Segment Start: Given records

(* Suppose $y/x=q^{-r}$ or $v/u=q^{-r}$ for some nonnegative integer $r$, and $\max\{|xbtq^{-r}|,|autq^{-r}|\}<1$. Then \[ \sum_{n=0}^\infty(-1)^nq^{-\binom n2}U_n(x,y,a;q)U_n(u,v,b;q)\frac{t^n}{(q;q)_n}=\frac{(abt,ybt,avt;q)_\infty}{(xbt,aut;q)_\infty}\,{}_3\phi_2\left(\begin{array}{c}y/x,\ v/u,\ q/abt\\ q/xbt,\ q/aut\end{array};q,q\right). \]
   Context: $q$ is a fixed complex number with $0<|q|<1$. $(a;q)_\infty=\prod_{k\ge0}(1-aq^k)$, $(a;q)_n=(a;q)_\infty/(aq^n;q)_\infty$, $(a_1,\dots,a_m;q)_n=\prod_i(a_i;q)_n$. ${}_r\phi_s\left(\begin{array}{c}a_1,\dots,a_r\\ b_1,\dots,b_s\end{array};q,x\right)=\sum_{n\ge0}\frac{(a_1,\dots,a_r;q)_n}{(q,b_1,\dots,b_s;q)_n}\big[(-1)^nq^{\binom n2}\big]^{1+s-r}x^n$. ${n\brack k}=\frac{(q;q)_n}{(q;q)_k(q;q)_{n-k}}$, $P_n(x,y)=\prod_{i=0}^{n-1}(x-q^iy)$, and the Al-Salam–Carlitz polynomials are $U_n(x,y,a;q)=\sum_{k=0}^n{n\brack k}(-1)^kq^{\binom k2}a^kP_{n-k}(x,y)$. *)

theory Defs
  imports "HOL-Analysis.Analysis"
begin

definition qpoch_inf :: "complex \<Rightarrow> complex \<Rightarrow> complex" where
  "qpoch_inf a q = (\<Prod>k. (1 - a * q ^ k))"

definition qpoch :: "complex \<Rightarrow> complex \<Rightarrow> nat \<Rightarrow> complex" where
  "qpoch a q n = (\<Prod>k<n. (1 - a * q ^ k))"
lemma ex_power_product_iff:
  fixes A :: "'a::{field,finite}"
  defines "N \<equiv> CARD('a) - 1"
  shows "(\<exists>c z. c \<noteq> 0 \<and> z \<noteq> 0 \<and> c ^ a * z ^ b = A) \<longleftrightarrow> A ^ (N div gcd a (gcd b N)) = 1"
proof -
  define g where "g = gcd a (gcd b N)"
  have "N > 0" using card_field_ge_two[where 'a='a] by (simp add: N_def)
  have "g dvd a" "g dvd b" "g dvd N"
    unfolding g_def by (meson dvd_trans gcd_dvd1 gcd_dvd2)+
  then have N_eq: "N = g * (N div g)" by simp
  have "N div g > 0" using \<open>N > 0\<close> N_eq by (metis gr0I mult_0_right)
  obtain \<gamma> :: 'a where gen: "\<And>x. x \<noteq> 0 \<Longrightarrow> \<exists>i. x = \<gamma> ^ i"
    and ord: "\<And>j. \<gamma> ^ j = 1 \<longleftrightarrow> N dvd j"
    unfolding N_def using finite_field_cyclic[where 'a='a] by metis
  have "\<gamma> \<noteq> 0" using ord[of N] \<open>N > 0\<close> by (auto simp: power_0_left)
  show ?thesis
    unfolding g_def[symmetric]
  proof
    assume "\<exists>c z. c \<noteq> 0 \<and> z \<noteq> 0 \<and> c ^ a * z ^ b = A"
    then obtain c z where "c \<noteq> 0" "z \<noteq> 0" "A = c ^ a * z ^ b" by auto
    moreover have "x ^ (e * (N div g)) = 1" if "x \<noteq> 0" "g dvd e" for x :: 'a and e
    proof -
      from \<open>g dvd e\<close> obtain e' where "e * (N div g) = N * e'"
        using N_eq by (metis dvd_def mult.assoc mult.commute)
      then show ?thesis using power_card_minus_one[OF \<open>x \<noteq> 0\<close>] by (simp add: power_mult N_def)
    qed
    ultimately show "A ^ (N div g) = 1"
      using \<open>g dvd a\<close> \<open>g dvd b\<close> by (simp add: power_mult_distrib power_mult[symmetric])
  next
    assume A: "A ^ (N div g) = 1"
    then have "A \<noteq> 0" using \<open>N div g > 0\<close> by (auto simp: power_0_left)
    then obtain m where m: "A = \<gamma> ^ m" using gen by blast
    have "\<gamma> ^ (m * (N div g)) = 1" using A m by (simp add: power_mult)
    then have "g * (N div g) dvd m * (N div g)" using ord N_eq by metis
    then have "g dvd m" using \<open>N div g > 0\<close> by simp
    then obtain m' where m': "m = g * m'" by blast
    obtain u v where bezout_a: "u * int a + v * gcd (int b) (int N) = int g"
      using bezout_int[of "int a" "gcd (int b) (int N)"] by (auto simp: g_def)
    obtain u' w where bezout_bN: "u' * int b + w * int N = gcd (int b) (int N)"
      using bezout_int by blast
    have "int g = u * int a + v * (u' * int b + w * int N)"
      using bezout_a bezout_bN by simp
    then have bezout: "int g = u * int a + v * u' * int b + v * w * int N"
      by (simp add: algebra_simps)
    \<comment> \<open>integer exponents spare us reducing the Bezout coefficients modulo N\<close>
    define c where "c = \<gamma> powi (int m' * u)"
    define z where "z = \<gamma> powi (int m' * v * u')"
    have "c ^ a * z ^ b = \<gamma> powi (int m' * (u * int a + v * u' * int b))"
      using \<open>\<gamma> \<noteq> 0\<close> by (simp add: c_def z_def power_int_mult[symmetric] power_int_add algebra_simps
          flip: power_int_of_nat)
    also have "\<dots> = \<gamma> powi (int m' * int g) * (\<gamma> ^ N) powi (- int m' * v * w)"
      using \<open>\<gamma> \<noteq> 0\<close> bezout by (simp add: power_int_mult[symmetric] power_int_add[symmetric] algebra_simps
          flip: power_int_of_nat)
    also have "\<dots> = A"
      using ord[of N] m m' by (simp add: mult.commute flip: power_int_of_nat)
    finally have "c ^ a * z ^ b = A" .
    moreover have "c \<noteq> 0" "z \<noteq> 0"
      using \<open>\<gamma> \<noteq> 0\<close> by (simp_all add: c_def z_def)
    ultimately show "\<exists>c z. c \<noteq> 0 \<and> z \<noteq> 0 \<and> c ^ a * z ^ b = A"
      by blast
  qed
qed

lemma frobenius_ratio_range_le:
  assumes "CARD('a::{field,finite}) = q ^ n"
  shows "(\<lambda>y::'a. y ^ q ^ (v + s) / y ^ q ^ v) ` (- {0}) = (\<lambda>z. z ^ (q ^ s - 1)) ` (- {0})"
proof -
  have "q > 0" by (rule card_eq_power_pos(1)[OF assms])
  have frob: "y ^ q ^ (v + s) / y ^ q ^ v = (y ^ q ^ v) ^ (q ^ s - 1)" if "y \<noteq> 0" for y :: 'a
    using that \<open>q > 0\<close> by (simp add: power_add power_mult power_diff)
  show ?thesis
  proof (intro equalityI image_subsetI)
    show "y ^ q ^ (v + s) / y ^ q ^ v \<in> (\<lambda>z. z ^ (q ^ s - 1)) ` (- {0})" if "y \<in> - {0}" for y :: 'a
      using that frob[of y] by (intro image_eqI[of _ _ "y ^ q ^ v"]) auto
    show "z ^ (q ^ s - 1) \<in> (\<lambda>y::'a. y ^ q ^ (v + s) / y ^ q ^ v) ` (- {0})" if "z \<in> - {0}" for z
    proof -
      obtain y :: 'a where y: "y ^ q ^ v = z" using frobenius_power_surj assms by metis
      then have "y \<noteq> 0" using that \<open>q > 0\<close> by auto
      then show ?thesis using frob y by auto
    qed
  qed
qed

Segment End: Given records

Task requirements. Starting at the top of the records, copy every line exactly.

Output of the exercise.
(* Suppose $y/x=q^{-r}$ or $v/u=q^{-r}$ for some nonnegative integer $r$, and $\max\{|xbtq^{-r}|,|autq^{-r}|\}<1$. Then \[ \sum_{n=0}^\infty(-1)^nq^{-\binom n2}U_n(x,y,a;q)U_n(u,v,b;q)\frac{t^n}{(q;q)_n}=\frac{(abt,ybt,avt;q)_\infty}{(xbt,aut;q)_\infty}\,{}_3\phi_2\left(\begin{array}{c}y/x,\ v/u,\ q/abt\\ q/xbt,\ q/aut\end{array};q,q\right). \]
   Context: $q$ is a fixed complex number with $0<|q|<1$. $(a;q)_\infty=\prod_{k\ge0}(1-aq^k)$, $(a;q)_n=(a;q)_\infty/(aq^n;q)_\infty$, $(a_1,\dots,a_m;q)_n=\prod_i(a_i;q)_n$. ${}_r\phi_s\left(\begin{array}{c}a_1,\dots,a_r\\ b_1,\dots,b_s\end{array};q,x\right)=\sum_{n\ge0}\frac{(a_1,\dots,a_r;q)_n}{(q,b_1,\dots,b_s;q)_n}\big[(-1)^nq^{\binom n2}\big]^{1+s-r}x^n$. ${n\brack k}=\frac{(q;q)_n}{(q;q)_k(q;q)_{n-k}}$, $P_n(x,y)=\prod_{i=0}^{n-1}(x-q^iy)$, and the Al-Salam–Carlitz polynomials are $U_n(x,y,a;q)=\sum_{k=0}^n{n\brack k}(-1)^kq^{\binom k2}a^kP_{n-k}(x,y)$. *)

theory Defs
  imports "HOL-Analysis.Analysis"
begin

definition qpoch_inf :: "complex \<Rightarrow> complex \<Rightarrow> complex" where
  "qpoch_inf a q = (\<Prod>k. (1 - a * q ^ k))"

definition qpoch :: "complex \<Rightarrow> complex \<Rightarrow> nat \<Rightarrow> complex" where
  "qpoch a q n = (\<Prod>k<n. (1 - a * q ^ k))"
lemma ex_power_product_iff:
  fixes A :: "'a::{field,finite}"
  defines "N \<equiv> CARD('a) - 1"
  shows "(\<exists>c z. c \<noteq> 0 \<and> z \<noteq> 0 \<and> c ^ a * z ^ b = A) \<longleftrightarrow> A ^ (N div gcd a (gcd b N)) = 1"
proof -
  define g where "g = gcd a (gcd b N)"
  have "N > 0" using card_field_ge_two[where 'a='a] by (simp add: N_def)
  have "g dvd a" "g dvd b" "g dvd N"
    unfolding g_def by (meson dvd_trans gcd_dvd1 gcd_dvd2)+
  then have N_eq: "N = g * (N div g)" by simp
  have "N div g > 0" using \<open>N > 0\<close> N_eq by (metis gr0I mult_0_right)
  obtain \<gamma> :: 'a where gen: "\<And>x. x \<noteq> 0 \<Longrightarrow> \<exists>i. x = \<gamma> ^ i"
    and ord: "\<And>j. \<gamma> ^ j = 1 \<longleftrightarrow> N dvd j"
    unfolding N_def using finite_field_cyclic[where 'a='a] by metis
  have "\<gamma> \<noteq> 0" using ord[of N] \<open>N > 0\<close> by (auto simp: power_0_left)
  show ?thesis
    unfolding g_def[symmetric]
  proof
    assume "\<exists>c z. c \<noteq> 0 \<and> z \<noteq> 0 \<and> c ^ a * z ^ b = A"
    then obtain c z where "c \<noteq> 0" "z \<noteq> 0" "A = c ^ a * z ^ b" by auto
    moreover have "x ^ (e * (N div g)) = 1" if "x \<noteq> 0" "g dvd e" for x :: 'a and e
    proof -
      from \<open>g dvd e\<close> obtain e' where "e * (N div g) = N * e'"
        using N_eq by (metis dvd_def mult.assoc mult.commute)
      then show ?thesis using power_card_minus_one[OF \<open>x \<noteq> 0\<close>] by (simp add: power_mult N_def)
    qed
    ultimately show "A ^ (N div g) = 1"
      using \<open>g dvd a\<close> \<open>g dvd b\<close> by (simp add: power_mult_distrib power_mult[symmetric])
  next
    assume A: "A ^ (N div g) = 1"
    then have "A \<noteq> 0" using \<open>N div g > 0\<close> by (auto simp: power_0_left)
    then obtain m where m: "A = \<gamma> ^ m" using gen by blast
    have "\<gamma> ^ (m * (N div g)) = 1" using A m by (simp add: power_mult)
    then have "g * (N div g) dvd m * (N div g)" using ord N_eq by metis
    then have "g dvd m" using \<open>N div g > 0\<close> by simp
    then obtain m' where m': "m = g * m'" by blast
    obtain u v where bezout_a: "u * int a + v * gcd (int b) (int N) = int g"
      using bezout_int[of "int a" "gcd (int b) (int N)"] by (auto simp: g_def)
    obtain u' w where bezout_bN: "u' * int b + w * int N = gcd (int b) (int N)"
      using bezout_int by blast
    have "int g = u * int a + v * (u' * int b + w * int N)"
      using bezout_a bezout_bN by simp
    then have bezout: "int g = u * int a + v * u' * int b + v * w * int N"
      by (simp add: algebra_simps)
    \<comment> \<open>integer exponents spare us reducing the Bezout coefficients modulo N\<close>
    define c where "c = \<gamma> powi (int m' * u)"
    define z where "z = \<gamma> powi (int m' * v * u')"
    have "c ^ a * z ^ b = \<gamma> powi (int m' * (u * int a + v * u' * int b))"
      using \<open>\<gamma> \<noteq> 0\<close> by (simp add: c_def z_def power_int_mult[symmetric] power_int_add algebra_simps
          flip: power_int_of_nat)
    also have "\<dots> = \<gamma> powi (int m' * int g) * (\<gamma> ^ N) powi (- int m' * v * w)"
      using \<open>\<gamma> \<noteq> 0\<close> bezout by (simp add: power_int_mult[symmetric] power_int_add[symmetric] algebra_simps
          flip: power_int_of_nat)
    also have "\<dots> = A"
      using ord[of N] m m' by (simp add: mult.commute flip: power_int_of_nat)
    finally have "c ^ a * z ^ b = A" .
    moreover have "c \<noteq> 0" "z \<noteq> 0"
      using \<open>\<gamma> \<noteq> 0\<close> by (simp_all add: c_def z_def)
    ultimately show "\<exists>c z. c \<noteq> 0 \<and> z \<noteq> 0 \<and> c ^ a * z ^ b = A"
      by blast
  qed
qed

lemma frobenius_ratio_range_le:
  assumes "CARD('a::{field,finite}) = q ^ n"
  shows "(\<lambda>y::'a. y ^ q ^ (v + s) / y ^ q ^ v) ` (- {0}) = (\<lambda>z. z ^ (q ^ s - 1)) ` (- {0})"
proof -
  have "q > 0" by (rule card_eq_power_pos(1)[OF assms])
  have frob: "y ^ q ^ (v + s) / y ^ q ^ v = (y ^ q ^ v) ^ (q ^ s - 1)" if "y \<noteq> 0" for y :: 'a
    using that \<open>q > 0\<close> by (simp add: power_add power_mult power_diff)
  show ?thesis
  proof (intro equalityI image_subsetI)
    show "y ^ q ^ (v + s) / y ^ q ^ v \<in> (\<lambda>z. z ^ (q ^ s - 1)) ` (- {0})" if "y \<in> - {0}" for y :: 'a
      using that frob[of y] by (intro image_eqI[of _ _ "y ^ q ^ v"]) auto
    show "z ^ (q ^ s - 1) \<in> (\<lambda>y::'a. y ^ q ^ (v + s) / y ^ q ^ v) ` (- {0})" if "z \<in> - {0}" for z
    proof -
      obtain y :: 'a where y: "y ^ q ^ v = z" using frobenius_power_surj assms by metis
      then have "y \<noteq> 0" using that \<open>q > 0\<close> by auto
      then show ?thesis using frob y by auto
    qed
  qed
qed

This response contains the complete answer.